Aim of the exercise: Look through the data below and, wherever a line carries the word "inversion", please copy that line.

○ ○ ○ ○ ○

lemma acode_length_nonneg:
  assumes "w \<in> G r n"
  shows "0 \<le> acode_length n w"
  unfolding acode_length_def
proof (rule sum_nonneg)
  fix v assume "v \<in> {1..n}"
  then have "int (smaller_before v w) \<le> int v - 1"
    using smaller_before_le[OF assms, of v] by auto
  then show "0 \<le> acode_term v w"
    unfolding acode_term_def by simp
qed

section \<open>Left multiplication by the generators\<close>

definition swap_adj :: "nat \<Rightarrow> nat \<Rightarrow> nat" where
  "swap_adj i v = (if v = i then Suc i else if v = Suc i then i else v)"

definition swap_values :: "nat \<Rightarrow> cword \<Rightarrow> cword" where
  "swap_values i w = map (\<lambda>x. (swap_adj i (fst x), snd x)) w"

definition incr_color1 :: "nat \<Rightarrow> cword \<Rightarrow> cword" where
  "incr_color1 r w = map (\<lambda>x. (fst x, if fst x = 1 then (snd x + 1) mod r else snd x)) w"

definition decr_color1 :: "cword \<Rightarrow> cword" where
  "decr_color1 w = map (\<lambda>x. (fst x, if fst x = 1 then snd x - 1 else snd x)) w"

lemma swap_adj_swap_adj [simp]: "swap_adj i (swap_adj i v) = v"
  unfolding swap_adj_def by auto

lemma swap_adj_eq_iff: "swap_adj i x = v \<longleftrightarrow> x = swap_adj i v"
  unfolding swap_adj_def by auto

lemma swap_adj_less_iff: "v \<noteq> i \<Longrightarrow> v \<noteq> Suc i \<Longrightarrow> swap_adj i x < v \<longleftrightarrow> x < v"
  unfolding swap_adj_def by auto

lemma swap_adj_image:
  assumes "1 \<le> i" "i < n"
  shows "swap_adj i ` {1..n} = {1..n}"
proof -
  have into: "swap_adj i v \<in> {1..n}" if "v \<in> {1..n}" for v
    using assms that unfolding swap_adj_def by auto
  then have "v \<in> swap_adj i ` {1..n}" if "v \<in> {1..n}" for v
    using that by (metis imageI swap_adj_swap_adj)
  with into show ?thesis by blast
qed

lemma nth_geni: "v \<in> {1..n} \<Longrightarrow> geni n i ! (v - 1) = (swap_adj i v, 0)"
  unfolding geni_def swap_adj_def by (subst nth_map_upt) auto

lemma nth_gen0: "v \<in> {1..n} \<Longrightarrow> gen0 r n ! (v - 1) = (v, if v = 1 then 1 mod r else 0)"
  unfolding gen0_def by (subst nth_map_upt) auto

lemma cmult_geni:
  assumes "w \<in> G r n"
  shows "cmult r (geni n i) w = swap_values i w"
  unfolding cmult_def swap_values_def
proof (rule map_cong[OF refl])
  fix x assume "x \<in> set w"
  then have "fst x \<in> {1..n}" "snd x < r"
    using G_D(3,4)[OF assms] by auto
  then show "(fst (geni n i ! (fst x - 1)), (snd x + snd (geni n i ! (fst x - 1))) mod r)
      = (swap_adj i (fst x), snd x)"
    using nth_geni[of "fst x" n i] by simp
qed

lemma cmult_gen0:
  assumes "w \<in> G r n"
  shows "cmult r (gen0 r n) w = incr_color1 r w"
  unfolding cmult_def incr_color1_def
proof (rule map_cong[OF refl])
  fix x assume "x \<in> set w"
  then have "fst x \<in> {1..n}" "snd x < r"
    using G_D(3,4)[OF assms] by auto
  then show "(fst (gen0 r n ! (fst x - 1)), (snd x + snd (gen0 r n ! (fst x - 1))) mod r)
      = (fst x, if fst x = 1 then (snd x + 1) mod r else snd x)"
    using nth_gen0[of "fst x" n r] by (simp add: mod_add_right_eq)
qed

lemma map_fst_swap_values: "map fst (swap_values i w) = map (swap_adj i) (map fst w)"
  unfolding swap_values_def by simp

lemma map_fst_incr_color1: "map fst (incr_color1 r w) = map fst w"
  unfolding incr_color1_def by simp

lemma map_fst_decr_color1: "map fst (decr_color1 w) = map fst w"
  unfolding decr_color1_def by simp

lemma G_map_fst_cong:
  assumes "w \<in> G r n" "map fst w' = map fst w" "\<And>x. x \<in> set w' \<Longrightarrow> snd x < r"
  shows "w' \<in> G r n"
proof (rule G_I)
  show "length w' = n"
    using G_D(1)[OF assms(1)] length_map assms(2) by metis
  show "distinct (map fst w')" "fst ` set w' = {1..n}"
    using G_D(2,3)[OF assms(1)] assms(2) by (simp_all flip: set_map)
qed (fact assms(3))

lemma incr_color1_in_G:
  assumes "w \<in> G r n"
  shows "incr_color1 r w \<in> G r n"
  by (rule G_map_fst_cong[OF assms]) (auto simp: incr_color1_def dest: G_D(4)[OF assms])

lemma decr_color1_in_G:
  assumes "w \<in> G r n"
  shows "decr_color1 w \<in> G r n"
  by (rule G_map_fst_cong[OF assms])
    (auto simp: decr_color1_def less_imp_diff_less dest: G_D(4)[OF assms])

lemma swap_values_in_G:
  assumes "w \<in> G r n" "1 \<le> i" "i < n"
  shows "swap_values i w \<in> G r n"
proof (rule G_I)
  have "inj (swap_adj i)"
    by (metis injI swap_adj_swap_adj)
  then show "distinct (map fst (swap_values i w))"
    using G_D(2)[OF assms(1)] unfolding map_fst_swap_values
    by (simp only: distinct_map[of "swap_adj i" "map fst w"]) (meson inj_on_subset subset_UNIV)
  have "fst ` set (swap_values i w) = swap_adj i ` fst ` set w"
    unfolding swap_values_def by (simp add: image_image)
  then show "fst ` set (swap_values i w) = {1..n}"
    using G_D(3)[OF assms(1)] swap_adj_image[OF assms(2,3)] by simp
qed (use G_D[OF assms(1)] in \<open>auto simp: swap_values_def\<close>)

lemma cid_nth: "j < n \<Longrightarrow> cid n ! j = (Suc j, 0)"
  unfolding cid_def by (simp add: nth_map_upt del: upt_Suc)

lemma cid_in_G: "1 \<le> r \<Longrightarrow> cid n \<in> G r n"
  by (rule G_I) (auto simp: cid_def comp_def image_image)

lemma cmult_in_G:
  assumes "g \<in> gens r n" "w \<in> G r n"
  shows "cmult r g w \<in> G r n"
  using assms unfolding gens_def
  by (auto simp: cmult_gen0 cmult_geni incr_color1_in_G swap_values_in_G)

lemma foldr_cmult_in_G: "1 \<le> r \<Longrightarrow> set gs \<subseteq> gens r n \<Longrightarrow> foldr (cmult r) gs (cid n) \<in> G r n"
  by (induction gs) (auto simp: cid_in_G cmult_in_G)

section \<open>Effect of a generator on the length formula\<close>

lemma position_swap_values: "position v (swap_values i w) = position (swap_adj i v) w"
  unfolding position_def swap_values_def takeWhile_map by (simp add: comp_def swap_adj_eq_iff)

lemma color_swap_values:
  "swap_adj i v \<in> fst ` set w \<Longrightarrow> color v (swap_values i w) = color (swap_adj i v) w"
  unfolding color_def position_swap_values
  using position_less_length[of "swap_adj i v" w] by (simp add: swap_values_def)

lemma smaller_before_swap_values:
  "smaller_before v (swap_values i w)
     = card {j. j < position (swap_adj i v) w \<and> swap_adj i (fst (w ! j)) < v}"
  unfolding smaller_before_card position_swap_values
  using position_le_length[of "swap_adj i v" w]
  by (intro arg_cong[where f=card]) (auto simp: swap_values_def)

lemma acode_term_swap_values_other:
  assumes "v \<in> fst ` set w" "v \<noteq> i" "v \<noteq> Suc i"
  shows "acode_term v (swap_values i w) = acode_term v w"
proof -
  have fix_v: "swap_adj i v = v"
    using assms(2,3) unfolding swap_adj_def by simp
  have "smaller_before v (swap_values i w) = smaller_before v w"
    unfolding smaller_before_swap_values fix_v
    unfolding smaller_before_card
    using swap_adj_less_iff[OF assms(2,3)] by simp
  moreover have "color v (swap_values i w) = color v w"
    using color_swap_values[of i v w] fix_v assms(1) by simp
  ultimately show ?thesis
    unfolding acode_term_def by simp
qed

definition left_descent :: "nat \<Rightarrow> cword \<Rightarrow> bool" where
  "left_descent i w \<longleftrightarrow>
     (if position i w < position (Suc i) w then 0 < color (Suc i) w else color i w = 0)"
(* The coefficients with weights W = W_{a,b;q,p} are the unique solution of the Pascal
   recurrence with boundary values 1.  Moreover, a solution of the recurrence that vanishes
   on the region {0 <= n < k} union {n < k <= -1} union {k <= -1, 0 <= n} and equals 1 at
   (0,0), (-1,-1) and (-1,0) is already that solution.  Each right-hand side, as a function
   of (n,k), vanishes on this region because the index maps (n,k) -> (n,n-k), (-k-1,-n-1),
   (k-n-1,k) preserve it, and it satisfies the recurrence with weights W_{a,b} because of the
   weight identities
     w_{b,a}(t,s) = 1 / w_{a,b}(s,t),
     w_{a/b,1/b}(s,t) = 1 / w_{a,b}(1-s-t,t),
     w_{1/a,b/a}(s,t) = 1 / w_{a,b}(s,1-s-t).
   Written as a quotient of three ratios theta(x q^2) / theta(x), each weight identity is an
   instance of the inversion formula theta(1/x) = -theta(x)/x. *)

section \<open>Theta inversion and the elliptic weights\<close>

lemma convergent_prod_one_minus_geometric:
  fixes c p :: complex
  assumes "norm p < 1"
  shows "convergent_prod (\<lambda>j. 1 - c * p ^ j)"
proof -
  have "summable (\<lambda>j. norm c * norm p ^ j)"
    using assms by (intro summable_mult summable_geometric) simp
  then have "summable (\<lambda>j. norm (1 - c * p ^ j - 1))"
    by (simp add: norm_mult norm_power)
  then show ?thesis
    by (intro abs_convergent_prod_imp_convergent_prod summable_imp_abs_convergent_prod)
qed

lemma etheta_prodinf_split:
  fixes x p :: complex
  assumes "norm p < 1"
  shows "etheta x p = (\<Prod>j. 1 - x * p ^ j) * (\<Prod>j. 1 - p / x * p ^ j)"
  unfolding etheta_def
  using convergent_prod_one_minus_geometric[OF assms, of x]
    convergent_prod_one_minus_geometric[OF assms, of "p / x"]
  by (subst prodinf_mult) (simp_all add: algebra_simps)

lemma prodinf_split_first:
  fixes f :: "nat \<Rightarrow> complex"
  assumes "convergent_prod f"
  shows "prodinf f = f 0 * (\<Prod>j. f (Suc j))"
  using has_prod_unique[OF has_prod_ignore_initial_segment'[OF assms, of 1]] by simp

lemma etheta_inverse:
  fixes x p :: complex
  assumes "norm p < 1" "x \<noteq> 0"
  shows "etheta (1 / x) p = - etheta x p / x"
proof -
  define A where "A = (\<Prod>j. 1 - x * p * p ^ j)"
  define B where "B = (\<Prod>j. 1 - p / x * p ^ j)"
  have "(\<Prod>j. 1 - x * p ^ j) = (1 - x) * A"
    unfolding A_def using convergent_prod_one_minus_geometric[OF assms(1), of x]
    by (subst prodinf_split_first) (simp_all add: mult.assoc)
  then have x: "etheta x p = (1 - x) * A * B"
    unfolding etheta_prodinf_split[OF assms(1)] B_def by simp
  have "(\<Prod>j. 1 - 1 / x * p ^ j) = (1 - 1 / x) * B"
    unfolding B_def using convergent_prod_one_minus_geometric[OF assms(1), of "1 / x"]
    by (subst prodinf_split_first) (simp_all add: mult.assoc)
  moreover have "(\<lambda>j. 1 - p / (1 / x) * p ^ j) = (\<lambda>j. 1 - x * p * p ^ j)"
    by (simp add: ac_simps)
  ultimately have inv: "etheta (1 / x) p = (1 - 1 / x) * B * A"
    unfolding etheta_prodinf_split[OF assms(1)] A_def by simp
  show ?thesis
    unfolding x inv using assms(2) by (simp add: field_simps)
qed

definition theta_ratio :: "complex \<Rightarrow> complex \<Rightarrow> complex \<Rightarrow> complex" where
  "theta_ratio q p x = etheta (x * q\<^sup>2) p / etheta x p"

lemma theta_ratio_inverse:
  assumes "norm p < 1" "x \<noteq> 0" "q \<noteq> 0" "x * y * q\<^sup>2 = 1"
  shows "theta_ratio q p y = q\<^sup>2 / theta_ratio q p x"
proof -
  have y: "y = 1 / (x * q\<^sup>2)"
    using assms(2-4) by (simp add: field_simps)
  have num: "etheta (y * q\<^sup>2) p = - etheta x p / x"
    using etheta_inverse[OF assms(1,2)] assms(3) by (simp add: y)
  have den: "etheta y p = - etheta (x * q\<^sup>2) p / (x * q\<^sup>2)"
    using etheta_inverse[of p "x * q\<^sup>2"] assms(1-3) by (simp add: y)
  show ?thesis
    unfolding theta_ratio_def num den using assms(2,3) by (simp add: divide_inverse ac_simps)
qed

lemma ew_eq_theta_ratio:
  assumes "q \<noteq> 0"
  shows "ew a b q p s t = theta_ratio q p (a * q powi (s + 2 * t - 2))
    / (theta_ratio q p (b * q powi (2 * s + t - 2)) * theta_ratio q p (a * q powi (t - s - 1) / b)) * q"
proof -
  have "a * q powi (s + 2 * t - 2) * q\<^sup>2 = a * q powi (s + 2 * t)"
    "b * q powi (2 * s + t - 2) * q\<^sup>2 = b * q powi (2 * s + t)"
    "a * q powi (t - s - 1) / b * q\<^sup>2 = a * q powi (t - s + 1) / b"
    using assms by (simp_all add: power_int_diff power_int_add field_simps power2_eq_square)
  then show ?thesis
    unfolding ew_def theta_ratio_def
    by (simp only: divide_inverse inverse_mult_distrib inverse_inverse_eq ac_simps)
qed

lemma ew_swap:
  assumes "norm p < 1" "a \<noteq> 0" "b \<noteq> 0" "q \<noteq> 0"
  shows "ew b a q p t s = inverse (ew a b q p s t)"
proof -
  have inv: "theta_ratio q p (b * q powi (s - t - 1) / a)
      = q\<^sup>2 / theta_ratio q p (a * q powi (t - s - 1) / b)"
    by (rule theta_ratio_inverse)
      (use assms in \<open>simp_all add: field_simps power_int_add[symmetric] power_int_minus power2_eq_square\<close>)
  have exps: "t + 2 * s - 2 = 2 * s + t - 2" "2 * t + s - 2 = s + 2 * t - 2"
    by simp_all
  have "y / (x * (q\<^sup>2 / z)) * q = inverse (x / (y * z) * q)" for x y z
    using assms(4) by (simp add: divide_inverse inverse_mult_distrib power2_eq_square ac_simps)
  then show ?thesis
    unfolding ew_eq_theta_ratio[OF assms(4)] inv exps .
qed

lemma ew_quot:
  assumes "norm p < 1" "a \<noteq> 0" "b \<noteq> 0" "q \<noteq> 0"
  shows "ew (a / b) (1 / b) q p s t = inverse (ew a b q p (1 - s - t) t)"
proof -
  have inv: "theta_ratio q p (1 / b * q powi (2 * s + t - 2))
      = q\<^sup>2 / theta_ratio q p (b * q powi (2 * (1 - s - t) + t - 2))"
    by (rule theta_ratio_inverse)
      (use assms in \<open>simp_all add: field_simps power_int_add[symmetric] power_int_minus power2_eq_square\<close>)
  have args: "a / b * q powi (s + 2 * t - 2) = a * q powi (t - (1 - s - t) - 1) / b"
    "a / b * q powi (t - s - 1) / (1 / b) = a * q powi (1 - s - t + 2 * t - 2)"
    using assms by (simp_all add: algebra_simps)
  have "z / ((q\<^sup>2 / y) * x) * q = inverse (x / (y * z) * q)" for x y z
    using assms(4) by (simp add: divide_inverse inverse_mult_distrib power2_eq_square ac_simps)
  then show ?thesis
    unfolding ew_eq_theta_ratio[OF assms(4)] inv args .
qed

lemma ew_recip:
  assumes "norm p < 1" "a \<noteq> 0" "b \<noteq> 0" "q \<noteq> 0"
  shows "ew (1 / a) (b / a) q p s t = inverse (ew a b q p s (1 - s - t))"
proof -
  have inv: "theta_ratio q p (1 / a * q powi (s + 2 * t - 2))
      = q\<^sup>2 / theta_ratio q p (a * q powi (s + 2 * (1 - s - t) - 2))"
    "theta_ratio q p (b / a * q powi (2 * s + t - 2))
      = q\<^sup>2 / theta_ratio q p (a * q powi (1 - s - t - s - 1) / b)"
    "theta_ratio q p (1 / a * q powi (t - s - 1) / (b / a))
      = q\<^sup>2 / theta_ratio q p (b * q powi (2 * s + (1 - s - t) - 2))"
    by (rule theta_ratio_inverse;
        use assms in \<open>simp_all add: field_simps power_int_add[symmetric] power_int_minus power2_eq_square\<close>)+
  have "(q\<^sup>2 / x) / ((q\<^sup>2 / z) * (q\<^sup>2 / y)) * q = inverse (x / (y * z) * q)" for x y z
    using assms(4) by (simp add: divide_inverse inverse_mult_distrib power2_eq_square ac_simps)
      (simp add: field_simps)
  then show ?thesis
    unfolding ew_eq_theta_ratio[OF assms(4)] inv .
qed
lemma tred_far_multiple:
  assumes "r \<notin> \<int>"
  shows "\<exists>m::int. 1/4 \<le> \<bar>tred (of_int m * r)\<bar>"
proof -
  define f where "f = tred r"
  obtain z where r: "r = f + of_int z" unfolding f_def using tred_decomp by blast
  have "f \<noteq> 0" using assms r by auto
  show ?thesis
  proof (cases "\<bar>f\<bar> < 1/4")
    case False
    then show ?thesis by (intro exI[of _ 1]) (simp add: f_def)
  next
    case True
    \<comment> \<open>the first multiple of \<open>\<bar>f\<bar>\<close> reaching \<open>1/4\<close> overshoots by less than \<open>\<bar>f\<bar>\<close>\<close>
    define k where "k = \<lceil>1 / (4 * \<bar>f\<bar>)\<rceil>"
    have "1 / (4 * \<bar>f\<bar>) \<le> of_int k" "of_int k < 1 / (4 * \<bar>f\<bar>) + 1"
      unfolding k_def using ceiling_correct[of "1 / (4 * \<bar>f\<bar>)"] by linarith+
    then have lower: "1/4 \<le> of_int k * \<bar>f\<bar>" and upper: "of_int k * \<bar>f\<bar> < 1/4 + \<bar>f\<bar>"
      using \<open>f \<noteq> 0\<close> by (simp_all add: field_simps)
    define m where "m = (if f > 0 then k else - k)"
    have "of_int m * r = of_int k * \<bar>f\<bar> + of_int (m * z)"
      using r by (simp add: m_def algebra_simps)
    then have "tred (of_int m * r) = tred (of_int k * \<bar>f\<bar>)"
      by (simp only: tred_add_of_int)
    also have "\<dots> = of_int k * \<bar>f\<bar>"
      by (rule tred_eq_self) (use lower upper True in linarith)+
    finally show ?thesis using lower by (intro exI[of _ m]) simp
  qed
qed

lemma int_independent_cong:
  "(\<And>k. k \<in> S \<Longrightarrow> v k = w k) \<Longrightarrow> int_independent v S \<longleftrightarrow> int_independent w S"
  unfolding int_independent_def by (metis (no_types, lifting) sum.cong)

lemma int_independent_subset:
  assumes "int_independent v S" "S' \<subseteq> S" "finite S"
  shows "int_independent v S'"
  unfolding int_independent_def
proof (intro allI impI)
  fix c :: "_ \<Rightarrow> int"
  assume c: "(\<Sum>k\<in>S'. of_int (c k) * v k) = 0"
  define c' where "c' k = (if k \<in> S' then c k else 0)" for k
  have "(\<Sum>k\<in>S. of_int (c' k) * v k) = (\<Sum>k\<in>S'. of_int (c k) * v k)"
    using assms(2,3) by (intro sum.mono_neutral_cong_right) (auto simp: c'_def)
  then have "\<forall>k\<in>S. c' k = 0" using assms(1) c unfolding int_independent_def by simp
  then show "\<forall>k\<in>S'. c k = 0" using assms(2) by (metis c'_def subsetD)
qed

lemma int_independent_nonzero:
  assumes "int_independent v S" "k \<in> S"
  shows "v k \<noteq> 0"
proof
  assume "v k = 0"
  define c where "c j = (if j = k then 1 else 0 :: int)" for j
  have "(\<Sum>j\<in>S. of_int (c j) * v j) = 0"
    using \<open>v k = 0\<close> by (intro sum.neutral) (simp add: c_def)
  then have "c k = 0" using assms unfolding int_independent_def by blast
  then show False by (simp add: c_def)
qed

lemma int_independent_eliminate:
  assumes indep: "int_independent v S" and "finite S" "j \<in> S" "a j \<noteq> 0"
  shows "int_independent (\<lambda>k. of_int (a j) * v k - of_int (a k) * v j) (S - {j})"
  unfolding int_independent_def
proof (intro allI impI)
  fix c :: "_ \<Rightarrow> int"
  assume c: "(\<Sum>k\<in>S - {j}. of_int (c k) * (of_int (a j) * v k - of_int (a k) * v j)) = 0"
  define d where "d k = (if k = j then - (\<Sum>k\<in>S - {j}. c k * a k) else c k * a j)" for k
  have "(\<Sum>k\<in>S. of_int (d k) * v k) = of_int (d j) * v j + (\<Sum>k\<in>S - {j}. of_int (d k) * v k)"
    using \<open>finite S\<close> \<open>j \<in> S\<close> by (rule sum.remove)
  also have "\<dots> = - (\<Sum>k\<in>S - {j}. of_int (c k) * of_int (a k) * v j)
      + (\<Sum>k\<in>S - {j}. of_int (c k) * of_int (a j) * v k)"
    by (simp add: d_def sum_distrib_right)
  also have "\<dots> = (\<Sum>k\<in>S - {j}. of_int (c k) * (of_int (a j) * v k - of_int (a k) * v j))"
    by (simp add: sum_subtractf[symmetric] right_diff_distrib mult.assoc mult.left_commute)
  finally have "\<forall>k\<in>S. d k = 0" using indep c unfolding int_independent_def by simp
  then show "\<forall>k\<in>S - {j}. c k = 0" using \<open>a j \<noteq> 0\<close> by (metis DiffE d_def insertI1 mult_eq_0_iff)
qed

○ ○ ○ ○ ○

Answer for the task:
   instance of the inversion formula theta(1/x) = -theta(x)/x. *)
section \<open>Theta inversion and the elliptic weights\<close>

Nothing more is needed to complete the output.